Mid-Week Macro

April 28, 2022

Retest it is...

Markets tend to move faster when they are angry, it is just how it works? After losing the flags (which also played right shoulders on TV) a retest is now upon us in less than a week. Sentiment has taken another dive with the markets and both price and rhetoric are getting closer to washed out for now. We should see a bounce stick for more than an hour here soon, but there is still the cascade risk if we lose the previous low zone before the end of the week.  Both are on the table and leave the markets stress level high. Even if we do bounce, it needs a strong showing from buyers to generate any more than a day or few in this environment. Burden of proof lies squarely on the buyers shoulders here.

Triple Play

$SPY is the only one that hasn’t closed at new lows so far.  It isn’t far at all, so I would expect a probe of that area at a minimum. $IWM $QQQ already closed at new lows as of yesterday with Inverted hammers to keep the speculation high. All three are in RSI bear ranges and below the falling MA bands after the rout the last few days. CFG is oversold and also gives a setup for a bounce. Problem is neither CFG nor RSI are at extremes enough to put a lot of weight behind a reversal prediction. That can also be seen as a glimmer of good news. We are seeing the potential for larger divergences IF (can’t make that if any bigger) once of these reversal attempts can stick soon, Maybe even today?  We don’t know, but as we will see below, things are sufficiently oversold to see a solid reversal anytime we see those buyers decide to show back up. And by “buyers” I mean institutional players. Until they leave a footprint, it’s all just noise.

Intermarket View

Commodities remain on top, but have been seeing a lot more volatility both ways.  Energy still carrying a lot of the weight here while metals struggle more. Equities and Bonds are still sharing the bottom of the list and losing back any headway they made. There is nothing easy out there right here on a macro perspective. Some historic moves that will likely be tested, but not seeing a lot of that just yet.

Universe Breadth

  • Overall Breadth took another big hit on this market drop
  • NHNL 30day hanging on to positive by a thread, a break would complete another major sell signal.
  • The cumulative advance decline line made a new low for the move, getting slightly ahead of price here
  • The percent of stocks above their 20, 50, and 200 day moving averages are all is a rough spot, but flattened yesterday with the index slightly down
  • Breadth Thrust low is down in the 30s, it can go lower, but doesn’t that often. It is also notable that it has crooked up here well above the January lows in the indicator with price at the same levels.
  • The McClellan Oscillator is oversold, but plenty of room further if things stay ugly.

Short-Term Breadth

Short-term breadth measures actually improved yesterday over the almost all red list  from Tuesday’s close. No bright spots per say, but Consumer Staples and Energy remain the best of the worst right here. Utilities looking the worst of all as it pulls back to backtest its big breakout. A hold or fold here could be telling for defensives over the near term as well. 

Sector Relative Strength

Not too much to say here, the week long selling has taken its toll on all sectors here as the selling has not just been in Tech. The intensity is also a sign of how bad sentiment is in real world action versus a survey. 

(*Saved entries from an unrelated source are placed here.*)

(* Let $k\ge1$, $r=\sqrt[k]{p}$. In multi-level MS with character-based regular sampling with a sampling factor in $\Theta(kr)$ and character-based bounded assignment, the maximum number of characters per PE in each level is in $\mathcal{O}\bigl(\frac{N}{p}+k^2r\hat{\ell}\bigr)$.
   Context: $p$ PEs hold strings with $N$ characters in total, $\Theta(N/p)$ per PE initially; $\hat{\ell}$ is the length of the longest string; $\|X\|$ denotes the number of characters of a set of strings $X$. Multi-level MS (with $p=r^k$): each PE sorts its local strings; then on each level $t=1,\dots,k$ the PEs form $r^{t-1}$ groups of $p'=r^{k+1-t}$ consecutive PEs, each group independently sorting the concatenation $S'$ of its PEs' locally sorted arrays $S_i$: $r-1$ splitters $f_1<\dots<f_{r-1}$ are chosen, bucket $B^j=\bigcup_i\{s\in S_i:f_j<s\le f_{j+1}\}$ ($f_0=-\infty,f_r=\infty$) is assigned to the $j$-th subgroup of $p''=p'/r$ PEs such that each PE of the subgroup receives at most $\|B^j\|/p''+\hat{\ell}$ characters (strings are not split), and received sequences are merged. Character-based regular sampling with factor $v$: with $\omega'=\|S'\|/(p'(v+1))$, PE $i$ draws $\lceil\|S_i\|/\omega'\rceil-1$ equally spaced positions in its local character array, shifted to the beginning of the containing strings, which are taken as samples (first PEs draw one more if fewer than $p'(v+1)$ result); samples $V$ are sorted globally and $f_j=V[j|V|/r-1]$. *)

theory Defs
  imports Complex_Main "HOL-Library.Multiset" "HOL-Library.List_Lexorder"
begin

text \<open>Strings are lists over a linearly ordered alphabet, compared lexicographically
  (order on lists from List_Lexorder). A PE's local data is a list of strings.\<close>

definition chars :: "'a list list \<Rightarrow> nat" where
  "chars X = sum_list (map length X)"

definition chars_mset :: "'a list multiset \<Rightarrow> nat" where
  "chars_mset M = sum_mset (image_mset length M)"

text \<open>The string of a local string array that contains character position q (0-based)
  of the concatenated character array; None if q is out of range.\<close>
fun str_at :: "'a list list \<Rightarrow> nat \<Rightarrow> 'a list option" where
  "str_at [] q = None"
| "str_at (s # ss) q = (if q < length s then Some s else str_at ss (q - length s))"

text \<open>Character-based regular sampling within one group of pg PEs whose local
  (sorted) arrays are A 0, ..., A (pg-1); sampling factor v.\<close>

definition omega :: "nat \<Rightarrow> nat \<Rightarrow> (nat \<Rightarrow> 'a list list) \<Rightarrow> real" where
  "omega pg v A = real (\<Sum>i<pg. chars (A i)) / real (pg * (v + 1))"

definition base_cnt :: "nat \<Rightarrow> nat \<Rightarrow> (nat \<Rightarrow> 'a list list) \<Rightarrow> nat \<Rightarrow> nat" where
  "base_cnt pg v A i = nat (\<lceil>real (chars (A i)) / omega pg v A\<rceil> - 1)"

definition deficit :: "nat \<Rightarrow> nat \<Rightarrow> (nat \<Rightarrow> 'a list list) \<Rightarrow> nat" where
  "deficit pg v A = pg * (v + 1) - (\<Sum>i<pg. base_cnt pg v A i)"

definition n_samples :: "nat \<Rightarrow> nat \<Rightarrow> (nat \<Rightarrow> 'a list list) \<Rightarrow> nat \<Rightarrow> nat" where
  "n_samples pg v A i = base_cnt pg v A i + (if i < deficit pg v A then 1 else 0)"

definition sample_pos :: "nat \<Rightarrow> nat \<Rightarrow> (nat \<Rightarrow> 'a list list) \<Rightarrow> nat \<Rightarrow> nat list" where
  "sample_pos pg v A i =
     map (\<lambda>j. j * chars (A i) div (n_samples pg v A i + 1)) [1..<n_samples pg v A i + 1]"

definition local_samples :: "nat \<Rightarrow> nat \<Rightarrow> (nat \<Rightarrow> 'a list list) \<Rightarrow> nat \<Rightarrow> 'a list list" where
  "local_samples pg v A i = List.map_filter (str_at (A i)) (sample_pos pg v A i)"

definition sorted_samples :: "nat \<Rightarrow> nat \<Rightarrow> (nat \<Rightarrow> ('a::linorder) list list) \<Rightarrow> 'a list list" where
  "sorted_samples pg v A = sort (concat (map (local_samples pg v A) [0..<pg]))"

definition splitter :: "nat \<Rightarrow> nat \<Rightarrow> nat \<Rightarrow> (nat \<Rightarrow> ('a::linorder) list list) \<Rightarrow> nat \<Rightarrow> 'a list" where
  "splitter r pg v A j = (let V = sorted_samples pg v A in V ! (j * length V div r - 1))"

definition in_bucket :: "nat \<Rightarrow> nat \<Rightarrow> nat \<Rightarrow> (nat \<Rightarrow> ('a::linorder) list list) \<Rightarrow> nat \<Rightarrow> 'a list \<Rightarrow> bool" where
  "in_bucket r pg v A j s \<longleftrightarrow>
     (j = 0 \<or> splitter r pg v A j < s) \<and> (j = r - 1 \<or> s \<le> splitter r pg v A (Suc j))"

definition bucket :: "nat \<Rightarrow> nat \<Rightarrow> nat \<Rightarrow> (nat \<Rightarrow> ('a::linorder) list list) \<Rightarrow> nat \<Rightarrow> 'a list multiset" where
  "bucket r pg v A j = (\<Sum>i<pg. mset (filter (in_bucket r pg v A j) (A i)))"

text \<open>Level t (1 <= t <= k) of multi-level MS with p = r^k PEs: state X before, Y after.
  Groups of pg = r^(k+1-t) consecutive PEs; bucket j goes to the j-th subgroup of
  psub = r^(k-t) PEs, each PE receiving a (merged, hence sorted) part of the bucket with at
  most |B^j|/psub + lmax characters (character-based bounded assignment).\<close>
definition ms_level_step ::
  "nat \<Rightarrow> nat \<Rightarrow> nat \<Rightarrow> nat \<Rightarrow> nat \<Rightarrow> (nat \<Rightarrow> ('a::linorder) list list) \<Rightarrow> (nat \<Rightarrow> 'a list list) \<Rightarrow> bool" where
  "ms_level_step r k v lmax t X Y \<longleftrightarrow>
     (let pg = r ^ (k + 1 - t); psub = r ^ (k - t) in
      \<forall>g < r ^ (t - 1). \<forall>j < r.
        (let A = (\<lambda>i. X (g * pg + i)); B = bucket r pg v A j in
          (\<Sum>i<psub. mset (Y (g * pg + j * psub + i))) = B \<and>
          (\<forall>i<psub. sorted (Y (g * pg + j * psub + i)) \<and>
             real (chars (Y (g * pg + j * psub + i)))
               \<le> real (chars_mset B) / real psub + real lmax)))"

definition ms_N :: "nat \<Rightarrow> nat \<Rightarrow> (nat \<Rightarrow> 'a list list) \<Rightarrow> nat" where
  "ms_N r k In = (\<Sum>i<r ^ k. chars (In i))"

definition ms_lhat :: "nat \<Rightarrow> nat \<Rightarrow> (nat \<Rightarrow> 'a list list) \<Rightarrow> nat" where
  "ms_lhat r k In = Max (insert 0 (length ` (\<Union>i<r ^ k. set (In i))))"

text \<open>A run: X t i is the local sorted string array of PE i after level t (t = 0: after
  local sorting of the input In).\<close>
definition multilevel_ms_run ::
  "nat \<Rightarrow> nat \<Rightarrow> nat \<Rightarrow> (nat \<Rightarrow> ('a::linorder) list list) \<Rightarrow> (nat \<Rightarrow> nat \<Rightarrow> 'a list list) \<Rightarrow> bool" where
  "multilevel_ms_run r k v In X \<longleftrightarrow>
     (\<forall>i < r ^ k. X 0 i = sort (In i)) \<and>
     (\<forall>t \<in> {1..k}. ms_level_step r k v (ms_lhat r k In) t (X (t - 1)) (X t))"

end

theory Submission
  imports Defs
begin

(* Within a group of p' PEs a sample stands for about w = |S'| / (p' (v + 1)) characters:
   between two consecutive sample positions of a PE lie at most w characters, and at most
   |S'| / w + p' samples are drawn.  A bucket consists of the strings strictly between two
   splitters, whose ranks in the sorted sample differ by at most |V| / r + 1, plus the copies
   of its upper splitter, of which there is at most one because the strings are distinct.
   Hence |B^j| <= w (|V| / r + 1 + p') + lhat, and if every PE of the group holds at most M
   characters, every PE of the receiving subgroup gets at most M (1 + 3 r / (v + 1)) + 2 lhat.
   For v >= c1 k r the factor is at most 1 + 3 / (c1 k), so over the k levels the load stays
   below e^(3 / c1) (c_hi N / p + 2 k lhat).  This is even O(N / p + k lhat). *)

lemma chars_Nil [simp]: "chars [] = 0"
  by (simp add: chars_def)

lemma chars_Cons [simp]: "chars (x # xs) = length x + chars xs"
  by (simp add: chars_def)

lemma chars_append [simp]: "chars (xs @ ys) = chars xs + chars ys"
  by (simp add: chars_def)

lemma chars_mset_mset: "chars_mset (mset xs) = chars xs"
  by (induction xs) (auto simp: chars_mset_def chars_def)

lemma chars_sort [simp]: "chars (sort xs) = chars xs"
  by (metis chars_mset_mset mset_sort)

lemma chars_mset_sum: "chars_mset (\<Sum>i\<in>I. M i) = (\<Sum>i\<in>I. chars_mset (M i))"
  by (induction I rule: infinite_finite_induct) (auto simp: chars_mset_def)

lemma chars_filter_le: "chars (filter P xs) \<le> chars xs"
  by (induction xs) auto

lemma chars_filter_le_disj:
  assumes "\<And>s. P s \<Longrightarrow> Q s \<or> R s"
  shows "chars (filter P xs) \<le> chars (filter Q xs) + chars (filter R xs)"
  using assms by (induction xs) auto

lemma chars_filter_eq: "chars (filter (\<lambda>s. s = x) xs) = count (mset xs) x * length x"
  by (induction xs) auto

lemma str_at_append_right: "chars xs \<le> q \<Longrightarrow> str_at (xs @ ys) q = str_at ys (q - chars xs)"
  by (induction xs arbitrary: q) (auto simp: diff_diff_add)

lemma str_at_append_left: "q < chars ys \<Longrightarrow> \<exists>s \<in> set ys. str_at (ys @ zs) q = Some s"
  by (induction ys arbitrary: q) auto

lemma str_at_middle:
  assumes "chars xs \<le> q" "q < chars xs + chars ys"
  shows "\<exists>s \<in> set ys. str_at (xs @ ys @ zs) q = Some s"
  using assms str_at_append_right[of xs q "ys @ zs"] str_at_append_left[of "q - chars xs" ys zs]
  by auto

lemma length_map_filter_le: "length (List.map_filter f xs) \<le> length xs"
  by (induction xs) (auto simp: map_filter_simps split: option.splits)

lemma length_filter_le_map_filter:
  assumes "\<And>x. x \<in> set xs \<Longrightarrow> P x \<Longrightarrow> \<exists>y. f x = Some y \<and> Q y"
  shows "length (filter P xs) \<le> length (filter Q (List.map_filter f xs))"
  using assms by (induction xs) (fastforce simp: map_filter_simps split: option.splits)+

lemma sorted_set_dropWhile:
  fixes xs :: "'b::linorder list"
  assumes "sorted xs" "\<And>x y. x \<le> y \<Longrightarrow> \<not> R x \<Longrightarrow> \<not> R y" "s \<in> set (dropWhile R xs)"
  shows "\<not> R s"
proof -
  have ne: "dropWhile R xs \<noteq> []"
    using assms(3) by (metis empty_iff empty_set)
  have "hd (dropWhile R xs) \<le> s"
    using sorted_dropWhile[OF assms(1), of R] ne assms(3)
    by (cases "dropWhile R xs") auto
  then show ?thesis
    using assms(2) hd_dropWhile[OF ne] by blast
qed

lemma sorted_split_interval:
  fixes xs :: "'b::linorder list"
  assumes "sorted xs"
    and "\<And>x y. x \<le> y \<Longrightarrow> P x \<Longrightarrow> P y"
    and "\<And>x y. x \<le> y \<Longrightarrow> Q y \<Longrightarrow> Q x"
  obtains as bs cs where "xs = as @ bs @ cs" "\<forall>s\<in>set bs. P s \<and> Q s"
    "\<forall>s\<in>set as \<union> set cs. \<not> (P s \<and> Q s)"
proof
  let ?rest = "dropWhile (\<lambda>s. \<not> P s) xs"
  show "xs = takeWhile (\<lambda>s. \<not> P s) xs @ takeWhile Q ?rest @ dropWhile Q ?rest"
    by simp
  have P: "P s" if "s \<in> set ?rest" for s
    using sorted_set_dropWhile[OF assms(1) _ that] assms(2) by (metis (full_types))
  have not_Q: "\<not> Q s" if "s \<in> set (dropWhile Q ?rest)" for s
    using sorted_set_dropWhile[OF sorted_dropWhile[OF assms(1)] _ that] assms(3) by metis
  show "\<forall>s\<in>set (takeWhile Q ?rest). P s \<and> Q s"
    using P set_takeWhileD by metis
  show "\<forall>s\<in>set (takeWhile (\<lambda>s. \<not> P s) xs) \<union> set (dropWhile Q ?rest). \<not> (P s \<and> Q s)"
    using not_Q set_takeWhileD by (metis Un_iff)
qed
(* Fix integers $n\ge 1$, $m\ge 2$ and $k\in\{0,\dots,n-1\}$, and let $\mathcal{C}^k_{ac}$ be the class of all complete acyclic $k$-bounded CP-nets over $n$ variables, each of domain size $m$, viewed as concepts over the instance space $\mathcal{X}_{swap}$. Then: (1) $\mathrm{VCD}(\mathcal{C}^{n-1}_{ac})=m^n-1$; (2) $\mathrm{VCD}(\mathcal{C}^{0}_{ac})=(m-1)n$; (3) $\mathrm{VCD}(\mathcal{C}^{k}_{ac})\ge (m-1)\mathcal{M}_k=(m-1)(n-k)m^k+m^k-1$.
   Context: Variables $V=\{v_1,\dots,v_n\}$, each $v_i$ with a finite domain $D_{v_i}$ of size $m$. An outcome is an assignment of a value to every variable; $\mathcal{O}$ is the set of outcomes, and for $X\subseteq V$, $\mathcal{O}_X$ is the set of assignments to $X$ and $o[X]$ the projection of $o$ onto $X$. A CP-net $N$ specifies for each $v_i$ a parent set $Pa(v_i)\subseteq V\setminus\{v_i\}$ and a conditional preference table $\mathrm{CPT}(v_i)$ which, for each context $\gamma\in\mathcal{O}_{Pa(v_i)}$, either gives a strict total order $\succ^{v_i}_\gamma$ on $D_{v_i}$ (a "statement") or gives nothing. $N$ is complete if every CPT gives an order for every context. CP-nets are taken in minimal form: every parent actually affects the preferences of its child (no dummy parents). The graph of $N$ has an edge $(v_j,v_i)$ iff $v_j\in Pa(v_i)$; $N$ is acyclic if this graph is acyclic and $k$-bounded if $|Pa(v_i)|\le k$ for all $i$. For outcomes $o,o'$ differing only in $v_i$, with $\gamma=o[Pa(v_i)]$, going from $o$ to $o'$ is an improving flip if $\succ^{v_i}_\gamma$ is given and $o'[v_i]\succ^{v_i}_\gamma o[v_i]$; $N$ induces the relation $o'\succ o$ iff there is a nonempty finite sequence of improving flips from $o$ to $o'$. A swap is an ordered pair $x=(x.1,x.2)$ of outcomes differing in exactly one variable. $\mathcal{X}_{swap}$ is a fixed set of swaps containing, for each unordered pair of outcomes differing in exactly one variable, exactly one of the two ordered pairs (the choice is arbitrary but fixed). A CP-net $N$ is identified with the concept $c_N$ given by $c_N(x)=1$ if $x.1\succ x.2$ under $N$ and $c_N(x)=0$ otherwise. A set $Y$ of instances is shattered by a concept class if every labeling of $Y$ is realized by some concept of the class; $\mathrm{VCD}$ is the largest size of a shattered set. $\mathcal{M}_k=(n-k)m^k+\frac{m^k-1}{m-1}$. *)

theory Defs
  imports Complex_Main
begin

text \<open>Variables are 0,...,n-1; the domain of every variable is {0..<m}.
  An outcome is a function nat => nat with values < m on variables and 0 elsewhere.\<close>

type_synonym outcome = "nat \<Rightarrow> nat"

definition outcomes :: "nat \<Rightarrow> nat \<Rightarrow> outcome set" where
  "outcomes n m = {u. (\<forall>i<n. u i < m) \<and> (\<forall>i. n \<le> i \<longrightarrow> u i = 0)}"

definition assignments :: "nat \<Rightarrow> nat set \<Rightarrow> outcome set" where
  "assignments m X = {g. (\<forall>i\<in>X. g i < m) \<and> (\<forall>i. i \<notin> X \<longrightarrow> g i = 0)}"

definition proj :: "nat set \<Rightarrow> outcome \<Rightarrow> outcome" where
  "proj X u = (\<lambda>i. if i \<in> X then u i else 0)"

text \<open>A CP-net is a pair (Pa, P): Pa i is the parent set of variable i, and
  P i \<gamma> a b means  a \<succ>^i_\<gamma> b  in the CPT of variable i under context \<gamma>.\<close>
type_synonym cpnet = "(nat \<Rightarrow> nat set) \<times> (nat \<Rightarrow> outcome \<Rightarrow> nat \<Rightarrow> nat \<Rightarrow> bool)"

definition strict_total_order_on :: "nat \<Rightarrow> (nat \<Rightarrow> nat \<Rightarrow> bool) \<Rightarrow> bool" where
  "strict_total_order_on m R \<longleftrightarrow>
     (\<forall>a<m. \<not> R a a) \<and>
     (\<forall>a<m. \<forall>b<m. \<forall>c<m. R a b \<and> R b c \<longrightarrow> R a c) \<and>
     (\<forall>a<m. \<forall>b<m. a \<noteq> b \<longrightarrow> R a b \<or> R b a)"
lemma norm_Nvec_diff_le:
  assumes "norm x \<le> A" "norm y \<le> A"
  shows "norm (Nvec b x - Nvec b y)
           \<le> (\<Sum>i\<in>UNIV. \<Sum>j\<in>UNIV. \<Sum>k\<in>UNIV. \<bar>b i j k\<bar>) * A * norm (x - y)"
proof -
  have "\<bar>Nvec b x $ i - Nvec b y $ i\<bar> \<le> (\<Sum>j\<in>UNIV. \<Sum>k\<in>UNIV. \<bar>b i j k\<bar>) * A * norm (x - y)"
    for i
  proof -
    have "Nvec b x $ i - Nvec b y $ i
            = (1/2) * (\<Sum>j\<in>UNIV. \<Sum>k\<in>UNIV. b i j k * (x $ j * x $ k - y $ j * y $ k))"
      by (simp add: Nvec_def sum_subtractf[symmetric] algebra_simps)
    also have "\<bar>\<dots>\<bar> \<le> (1/2) * (\<Sum>j\<in>UNIV. \<Sum>k\<in>UNIV. \<bar>b i j k\<bar> * (2 * A * norm (x - y)))"
    proof -
      have "\<bar>\<Sum>j\<in>UNIV. \<Sum>k\<in>UNIV. b i j k * (x $ j * x $ k - y $ j * y $ k)\<bar>
              \<le> (\<Sum>j\<in>UNIV. \<Sum>k\<in>UNIV. \<bar>b i j k\<bar> * (2 * A * norm (x - y)))"
        by (rule order_trans[OF sum_abs], rule sum_mono, rule order_trans[OF sum_abs], rule sum_mono)
           (auto simp: abs_mult intro: mult_left_mono abs_mult_component_diff_le[OF assms])
      then show ?thesis by (simp add: abs_mult)
    qed
    finally show ?thesis by (simp add: sum_distrib_right sum_distrib_left algebra_simps)
  qed
  then have "(\<Sum>i\<in>UNIV. \<bar>(Nvec b x - Nvec b y) $ i\<bar>)
               \<le> (\<Sum>i\<in>UNIV. (\<Sum>j\<in>UNIV. \<Sum>k\<in>UNIV. \<bar>b i j k\<bar>) * A * norm (x - y))"
    by (intro sum_mono) simp
  with norm_le_l1_cart[of "Nvec b x - Nvec b y"] show ?thesis
    by (simp add: sum_distrib_right)
qed

lemma norm_DN_diff_le:
  assumes "norm x \<le> A" "norm y \<le> A"
  shows "norm (DN D b x - DN D b y)
           \<le> (\<Sum>i\<in>UNIV. \<Sum>j\<in>UNIV. \<bar>D $ i $ j\<bar>)
             * ((\<Sum>i\<in>UNIV. \<Sum>j\<in>UNIV. \<Sum>k\<in>UNIV. \<bar>b i j k\<bar>) * A) * norm (x - y)"
proof -
  have "norm (DN D b x - DN D b y) = norm (D *v (Nvec b x - Nvec b y))"
    by (simp add: DN_def matrix_vector_mult_diff_distrib)
  also have "\<dots> \<le> (\<Sum>i\<in>UNIV. \<Sum>j\<in>UNIV. \<bar>D $ i $ j\<bar>) * norm (Nvec b x - Nvec b y)"
    by (rule norm_matrix_vector_mult_le)
  also have "\<dots> \<le> (\<Sum>i\<in>UNIV. \<Sum>j\<in>UNIV. \<bar>D $ i $ j\<bar>)
                   * ((\<Sum>i\<in>UNIV. \<Sum>j\<in>UNIV. \<Sum>k\<in>UNIV. \<bar>b i j k\<bar>) * A * norm (x - y))"
    by (intro mult_left_mono norm_Nvec_diff_le[OF assms]) (auto intro: sum_nonneg)
  finally show ?thesis by (simp add: mult.assoc)
qed

section \<open>The system as a fixed-point problem\<close>

lemma Dom_segment:
  assumes "(\<theta>, l) \<in> Dom \<Lambda>" "0 \<le> y" "y < 1"
  shows "(\<theta> * (1 - y), l) \<in> Dom \<Lambda>"
proof -
  from assms(1) have \<theta>: "0 < \<theta>" "\<theta> \<le> \<Lambda>" and l: "0 < l" "l \<le> 1" by (auto simp: Dom_def)
  have "\<theta> * (1 - y) \<le> \<theta>" using \<theta>(1) assms(2) by (simp add: mult_left_le)
  then have "\<theta> * (1 - y) \<le> \<Lambda>" using \<theta>(2) by (rule order_trans)
  moreover have "0 < \<theta> * (1 - y)" using \<theta>(1) assms(3) by simp
  ultimately show ?thesis using l unfolding Dom_def by blast
qed

locale volterra_system =
  fixes D :: "real^2^2" and b :: "2 \<Rightarrow> 2 \<Rightarrow> 2 \<Rightarrow> real" and \<beta> :: real
  assumes D_pos: "\<And>i j. 0 < D $ i $ j"
    and b_nonneg: "\<And>i j k. 0 \<le> b i j k"
    and half_lt_beta: "1/2 < \<beta>"
    and beta_le_1: "\<beta> \<le> 1"
begin

definition forcing :: "real \<Rightarrow> real \<Rightarrow> real^2" where
  "forcing \<theta> l = (\<chi> i. D $ i $ 1 * \<beta> * Gam \<beta> + D $ i $ 2 * (l * cpowr \<theta> (1 - \<beta>)))"

definition integrand :: "(real \<times> real \<Rightarrow> real^2) \<Rightarrow> real \<Rightarrow> real \<Rightarrow> real \<Rightarrow> real^2" where
  "integrand H \<theta> l y = beta_weight \<beta> y *\<^sub>R DN D b (H (\<theta> * (1 - y), l))"

definition rhs :: "(real \<times> real \<Rightarrow> real^2) \<Rightarrow> real \<Rightarrow> real \<Rightarrow> real^2" where
  "rhs H \<theta> l = forcing \<theta> l - (Gam \<beta> * \<theta> powr (2 * \<beta> - 1)) *\<^sub>R integral {0..1} (integrand H \<theta> l)"

definition D_l1 :: real where "D_l1 = (\<Sum>i\<in>UNIV. \<Sum>j\<in>UNIV. \<bar>D $ i $ j\<bar>)"

definition b_l1 :: real where "b_l1 = (\<Sum>i\<in>UNIV. \<Sum>j\<in>UNIV. \<Sum>k\<in>UNIV. \<bar>b i j k\<bar>)"

definition forcing_max :: real where "forcing_max = (\<beta> * Gam \<beta> + 1) * D_l1"

definition forcing_min :: real where "forcing_min = \<beta> * Gam \<beta> * min (D $ 1 $ 1) (D $ 2 $ 1)"

definition trap :: "(real^2) set" where "trap = cbox 0 (vec forcing_max)"

definition lip_DN :: real where "lip_DN = D_l1 * (b_l1 * (2 * forcing_max))"

definition lip_rhs :: "real \<Rightarrow> real" where
  "lip_rhs \<theta> = Gam \<beta> * \<theta> powr (2 * \<beta> - 1) * integral {0..1} (beta_weight \<beta>) * lip_DN"

lemma Gam_beta_pos: "0 < Gam \<beta>"
  using Gam_pos half_lt_beta beta_le_1 by simp

lemma D_le_D_l1: "D $ i $ j \<le> D_l1"
proof -
  have "\<bar>D $ i $ j\<bar> \<le> (\<Sum>j\<in>UNIV. \<bar>D $ i $ j\<bar>)" by (rule member_le_sum) auto
  also have "\<dots> \<le> D_l1"
    unfolding D_l1_def by (rule member_le_sum) (auto intro: sum_nonneg)
  finally show ?thesis by simp
qed

lemma forcing_min_pos: "0 < forcing_min"
  using Gam_beta_pos half_lt_beta D_pos by (simp add: forcing_min_def)

lemma forcing_max_pos: "0 < forcing_max"
proof -
  have "0 < D_l1" using D_le_D_l1[of 1 1] D_pos[of 1 1] by simp
  moreover have "0 < \<beta> * Gam \<beta>" using Gam_beta_pos half_lt_beta by (intro mult_pos_pos) auto
  ultimately show ?thesis by (simp add: forcing_max_def)
qed

lemma lip_DN_nonneg: "0 \<le> lip_DN"
  using forcing_max_pos by (simp add: lip_DN_def D_l1_def b_l1_def sum_nonneg)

Although every subsector is down over the last week, I thought it would be worth looking at the top 10 RS gainers and losers.  This doesn’t mean gainers are a buy and losers are a sell, just telling us what might be changing character in recent action, whether that be for the good or bad.


$VIX staying elevated is another concern that is worth paying attention to. However, we have a couple of things to note here. First is the lower high we have seen so far with markets right back down at the lows. There is still time for it to make a higher high if we do see price cascade down from here. As of now, a peak would create a lower high and a close back inside the upper BB after being out on Tuesday, a pretty reliable short-term bottom signal in the past when triggered. We will be watching to day to see if it can stay down and close this candle back inside.

Wrap Up

Markets are not is a good spot with lots of sellers, even more rhetoric and sitting on the previous lows that has been touched a few times. This is definitely a recipe for concern and should be respected. But we are getting to short-term washout levels that normally attract some buyers. How many and where will they put their money to work is most important for us to watch for at this juncture. You don’t have to jump in at the first sign of any buyers, but working on keeping an idea of flow and relative strength will help fill out your watch list quickly when the time comes.